What you need to do
Your answer should consist of every line from the records that holds the string "close".

Data for this exercise
(* Let $\mathrm{cleaf}_2:\mathbb{R}\to\mathbb{R}$ be the leaf function of basis $2$. For every real $l$ with $c:=\mathrm{cleaf}_2(l)\neq-1$, $$\Bigl(\mathrm{cleaf}_2\Bigl(\frac l2\Bigr)\Bigr)^2=\frac{-1+c+\sqrt2\sqrt{1+c^2}}{1+c}.$$
   Context: For a natural number $n$, the leaf function $\mathrm{cleaf}_n:\mathbb{R}\to\mathbb{R}$ is the solution of $\frac{\mathrm{d}^2r}{\mathrm{d}l^2}=-n\,r^{2n-1}$ with $r(0)=1$, $r'(0)=0$. *)

theory Defs
  imports "HOL-Analysis.Analysis"
begin

definition cleaf :: "nat \<Rightarrow> real \<Rightarrow> real" where
  "cleaf n = (THE r. \<exists>r'. r 0 = 1 \<and> r' 0 = 0 \<and>
      (\<forall>l. (r has_real_derivative r' l) (at l)) \<and>
      (\<forall>l. (r' has_real_derivative (- real n * r l ^ (2 * n - 1))) (at l)))"

end

theory Submission
  imports Defs
begin

text \<open>
  Energy conservation and a Gronwall estimate show that the leaf equation has at most one
  solution, so cleaf_n is whatever solution one can exhibit. For n = 2 one is cos \<circ> \<phi>,
  where the amplitude \<phi> solves \<phi>' = sqrt (1 + cos^2 \<phi>). The rational map D = duplication,
  D c = (c^4 + 2 c^2 - 1) / (1 + 2 c^2 - c^4) transforms solutions: if r solves the
  equation, so does u \<mapsto> D (r (u/2)), hence cleaf_2 l = D (cleaf_2 (l/2)). Solving
  this equation, a quadratic in cleaf_2 (l/2)^2, for the nonnegative root gives the formula.
\<close>

lemma Gronwall_zero_nonneg:
  fixes D D' :: "real \<Rightarrow> real"
  assumes deriv: "\<And>x. (D has_real_derivative D' x) (at x)"
    and nonneg: "\<And>x. 0 \<le> D x" and "D 0 = 0"
    and bound: "\<And>x. \<bar>D' x\<bar> \<le> K * D x"
    and "0 \<le> t"
  shows "D t = 0"
proof -
  have "D t * exp (-K * t) \<le> D 0 * exp (-K * 0)"
  proof (rule DERIV_nonpos_imp_nonincreasing[OF \<open>0 \<le> t\<close>])
    fix x
    have "((\<lambda>x. D x * exp (-K * x)) has_real_derivative (D' x - K * D x) * exp (-K * x)) (at x)"
      by (auto intro!: derivative_eq_intros deriv simp: algebra_simps)
    moreover have "(D' x - K * D x) * exp (-K * x) \<le> 0"
      using abs_le_D1[OF bound[of x]] by (simp add: mult_nonpos_nonneg)
    ultimately show "\<exists>y. ((\<lambda>x. D x * exp (-K * x)) has_real_derivative y) (at x) \<and> y \<le> 0"
      by blast
  qed
  then have "D t * exp (-K * t) \<le> 0"
    using \<open>D 0 = 0\<close> by simp
  then have "D t \<le> 0"
    by (simp add: mult_le_0_iff)
  with nonneg[of t] show ?thesis
    by simp
qed

lemma Gronwall_zero:
  fixes D D' :: "real \<Rightarrow> real"
  assumes deriv: "\<And>x. (D has_real_derivative D' x) (at x)"
    and nonneg: "\<And>x. 0 \<le> D x" and "D 0 = 0"
    and bound: "\<And>x. \<bar>D' x\<bar> \<le> K * D x"
  shows "D t = 0"
proof (cases "0 \<le> t")
  case True
  then show ?thesis by (rule Gronwall_zero_nonneg[OF assms])
next
  case False
  have "(\<lambda>x. D (-x)) (-t) = 0"
  proof (rule Gronwall_zero_nonneg[where D="\<lambda>x. D (-x)" and D'="\<lambda>x. - D' (-x)" and K=K and t="-t"])
    show "((\<lambda>x. D (-x)) has_real_derivative - D' (-x)) (at x)" for x
      using DERIV_chain2[OF deriv DERIV_minus[OF DERIV_ident]] by simp
  qed (use False nonneg bound \<open>D 0 = 0\<close> in auto)
  then show ?thesis
    by simp
qed

lemma autonomous_ODE_solution:
  fixes h :: "real \<Rightarrow> real"
  assumes cont: "continuous_on UNIV h" and pos: "\<And>x. 0 < h x" and bounded: "\<And>x. h x \<le> M"
  obtains \<phi> where "\<phi> 0 = 0" and "\<And>y. (\<phi> has_real_derivative h (\<phi> y)) (at y)"
proof -
  have "isCont (\<lambda>x. 1 / h x) x" for x
  proof -
    have "isCont h x"
      using cont by (simp add: continuous_on_eq_continuous_at)
    then show ?thesis
      using pos[of x] by (intro continuous_intros) auto
  qed
  then obtain F where "\<And>x. (F has_vector_derivative 1 / h x) (at x)"
    using einterval_antiderivative[of "-\<infinity>" "\<infinity>" "\<lambda>x. 1 / h x"] by auto
  then have F: "(F has_real_derivative 1 / h x) (at x)" for x
    by (simp add: has_real_derivative_iff_has_vector_derivative)
  define G where "G x = F x - F 0" for x
  have G: "(G has_real_derivative 1 / h x) (at x)" for x
    unfolding G_def[abs_def] using DERIV_diff[OF F DERIV_const] by simp
  have "G 0 = 0"
    by (simp add: G_def)
  have "strict_mono G"
  proof (rule strict_monoI)
    show "G x < G y" if "x < y" for x y
      by (rule DERIV_pos_imp_increasing[OF that]) (metis G pos zero_less_divide_1_iff)
  qed
  have "0 < M"
    using pos[of 0] bounded[of 0] by simp
  have slope: "G x - x / M \<le> G y - y / M" if "x \<le> y" for x y
  proof (rule DERIV_nonneg_imp_nondecreasing[OF that])
    fix z
    have "((\<lambda>x. G x - x / M) has_real_derivative 1 / h z - 1 / M) (at z)"
      using DERIV_diff[OF G DERIV_cdivide[OF DERIV_ident]] by simp
    moreover have "1 / h z - 1 / M \<ge> 0"
      using pos[of z] bounded[of z] by (simp add: frac_le)
    ultimately show "\<exists>d. ((\<lambda>x. G x - x / M) has_real_derivative d) (at z) \<and> d \<ge> 0"
      by blast
  qed
  have G_cont: "isCont G x" for x
    using G by (rule DERIV_isCont)
  have "\<exists>x. G x = y" for y
  proof -
    define B where "B = M * \<bar>y\<bar>"
    have "B \<ge> 0"
      using \<open>0 < M\<close> by (simp add: B_def)
    have "G (-B) \<le> y"
      using slope[of "-B" 0] \<open>G 0 = 0\<close> \<open>0 < M\<close> \<open>B \<ge> 0\<close> by (simp add: B_def)
    moreover have "y \<le> G B"
      using slope[of 0 B] \<open>G 0 = 0\<close> \<open>0 < M\<close> \<open>B \<ge> 0\<close> by (simp add: B_def)
    ultimately show ?thesis
      using IVT[of G "-B" y B] \<open>B \<ge> 0\<close> G_cont by force
  qed
  then have "surj G"
    by (metis surjI)
  define \<phi> where "\<phi> = inv G"
  have G_\<phi>: "G (\<phi> y) = y" for y
    by (simp add: \<phi>_def surj_f_inv_f[OF \<open>surj G\<close>])
  have \<phi>_G: "\<phi> (G x) = x" for x
    by (simp add: \<phi>_def inv_f_f strict_mono_imp_inj_on[OF \<open>strict_mono G\<close>])
  show ?thesis
  proof
    show "\<phi> 0 = 0"
      using \<phi>_G[of 0] \<open>G 0 = 0\<close> by simp
    fix y
    have "isCont \<phi> (G (\<phi> y))"
      by (rule isCont_inverse_function[where d=1]) (use \<phi>_G G_cont in auto)
    then have "isCont \<phi> y"
      by (simp add: G_\<phi>)
    then have "(\<phi> has_real_derivative inverse (1 / h (\<phi> y))) (at y)"
      by (intro DERIV_inverse_function[where f=G and a="y - 1" and b="y + 1"])
        (use G pos[of "\<phi> y"] G_\<phi> in auto)
    then show "(\<phi> has_real_derivative h (\<phi> y)) (at y)"
      by simp
  qed
qed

Response
\<close>
  proof (rule DERIV_nonpos_imp_nonincreasing[OF \<open>0 \<le> t\<close>])
    using \<open>D 0 = 0\<close> by simp
  qed (use False nonneg bound \<open>D 0 = 0\<close> in auto)
      using \<open>0 < M\<close> by (simp add: B_def)
      using slope[of "-B" 0] \<open>G 0 = 0\<close> \<open>0 < M\<close> \<open>B \<ge> 0\<close> by (simp add: B_def)
      using slope[of 0 B] \<open>G 0 = 0\<close> \<open>0 < M\<close> \<open>B \<ge> 0\<close> by (simp add: B_def)
      using IVT[of G "-B" y B] \<open>B \<ge> 0\<close> G_cont by force
    by (simp add: \<phi>_def surj_f_inv_f[OF \<open>surj G\<close>])
    by (simp add: \<phi>_def inv_f_f strict_mono_imp_inj_on[OF \<open>strict_mono G\<close>])
      using \<phi>_G[of 0] \<open>G 0 = 0\<close> by simp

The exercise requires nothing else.